NOW, THEREFORE, in consideration of the foregoing and the mutual premises, covenants and agreements contained herein, the parties hereto, intending to be legally bound hereby, agree as follows:
1. Commitment. The Company agrees to pay, and Xxxxx Xxxxxxxxxxxx agrees to fund, the O&O Expenses in an amount of up to ten percent (10%) of Offering Proceeds, and in partial consideration of such funding, the Company shall receive the Subordinated Distributions.
2. Satisfaction of Commitment.
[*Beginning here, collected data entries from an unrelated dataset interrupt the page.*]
lemma recentred_weight_ge:
  assumes "cmod l \<le> 1" "2 \<le> k" and w: "cmod w = 1 / (10 * sqrt (2 * real k))"
  shows "(1 + 1 / 848) * ((1 + (cmod l)\<^sup>2) * (cmod (recentring_factor l w))\<^sup>2) ^ k
    \<le> (1 + (cmod (l + w))\<^sup>2) ^ k"
proof -
  define a where "a = 1 + (cmod l)\<^sup>2"
  define X where "X = (cmod (recentring_factor l w))\<^sup>2"
  define Z where "Z = (cmod w)\<^sup>2 / (a\<^sup>2 * X)"
  have "1 \<le> a" "a \<le> 2"
    using assms(1) by (auto simp: a_def power_le_one)
  have "cmod w = 1 / 10 * (1 / sqrt (2 * real k))"
    unfolding w by simp
  with inverse_sqrt_double_le_half[OF \<open>2 \<le> k\<close>] have "cmod w \<le> 1 / 20"
    by linarith
  then have "X \<le> (1 + 1 / 40)\<^sup>2"
    unfolding X_def using recentring_factor_bounds(2)[of l w] by (intro power_mono) auto
  moreover have "a\<^sup>2 \<le> 2\<^sup>2"
    using \<open>a \<le> 2\<close> \<open>1 \<le> a\<close> by (intro power_mono) auto
  ultimately have "a\<^sup>2 * X \<le> 2\<^sup>2 * (1 + 1 / 40)\<^sup>2"
    by (intro mult_mono) (auto simp: X_def)
  moreover have "0 < X"
    using recentring_factor_nonzero[of w l] \<open>cmod w \<le> 1 / 20\<close> by (simp add: X_def)
  moreover have kZ: "k * Z = (1 / 200) / (a\<^sup>2 * X)"
    using \<open>2 \<le> k\<close> by (simp add: Z_def w power_divide power_mult_distrib)
  ultimately have "(1 / 200) / (2\<^sup>2 * (1 + 1 / 40)\<^sup>2) \<le> k * Z"
    unfolding kZ using \<open>1 \<le> a\<close> by (intro divide_left_mono) auto
  moreover have "(1 / 848 :: real) \<le> (1 / 200) / (2\<^sup>2 * (1 + 1 / 40)\<^sup>2)"
    by (simp add: power2_eq_square)
  ultimately have "1 / 848 \<le> k * Z"
    by linarith
  moreover have "0 \<le> Z"
    unfolding Z_def X_def by (intro divide_nonneg_nonneg) auto
  ultimately have "1 + 1 / 848 \<le> (1 + Z) ^ k"
    using Bernoulli_inequality[of Z k] by linarith
  then have "(1 + 1 / 848) * (a * X) ^ k \<le> (1 + Z) ^ k * (a * X) ^ k"
    using \<open>1 \<le> a\<close> by (intro mult_right_mono) (auto simp: X_def)
  also have "\<dots> = (1 + (cmod (l + w))\<^sup>2) ^ k"
    unfolding one_plus_cmod_add_sq a_def[symmetric] X_def[symmetric] Z_def
    using \<open>1 \<le> a\<close> \<open>0 < X\<close> by (simp add: field_simps power2_eq_square)
  finally show ?thesis
    unfolding a_def X_def .
qed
At each closing during the Offering Period, the OP agrees to issue to the Company, and the Company agrees to purchase from the OP, one special general partner interest of the OP for each $1,000,000 in Offering Proceeds received by the REIT at such closing, at a price per unit of $100,000.
3. Miscellaneous.
3.1 This agreement may be amended only by written instrument duly executed by the parties hereto.
3.2 This Agreement will be governed by, and construed and enforced in accordance with, the laws of the State of New York, without regard to its choice of law rules.
3.3 This Agreement may be executed in counterparts, each of which shall be deemed to be an original, but all of which, taken together, shall constitute one and the same instrument.
3.4 If any term, provision, covenant or restriction of this Agreement is held by a court of competent jurisdiction or a federal or state regulatory agency to be invalid, void or unenforceable, the remainder of the terms, provisions, covenants and restrictions of this Agreement shall remain in full force and effect and shall in no way be affected, impaired or invalidated.
IN WITNESS WHEREOF, the parties hereto have caused this Agreement to be duly executed as of the date first written above.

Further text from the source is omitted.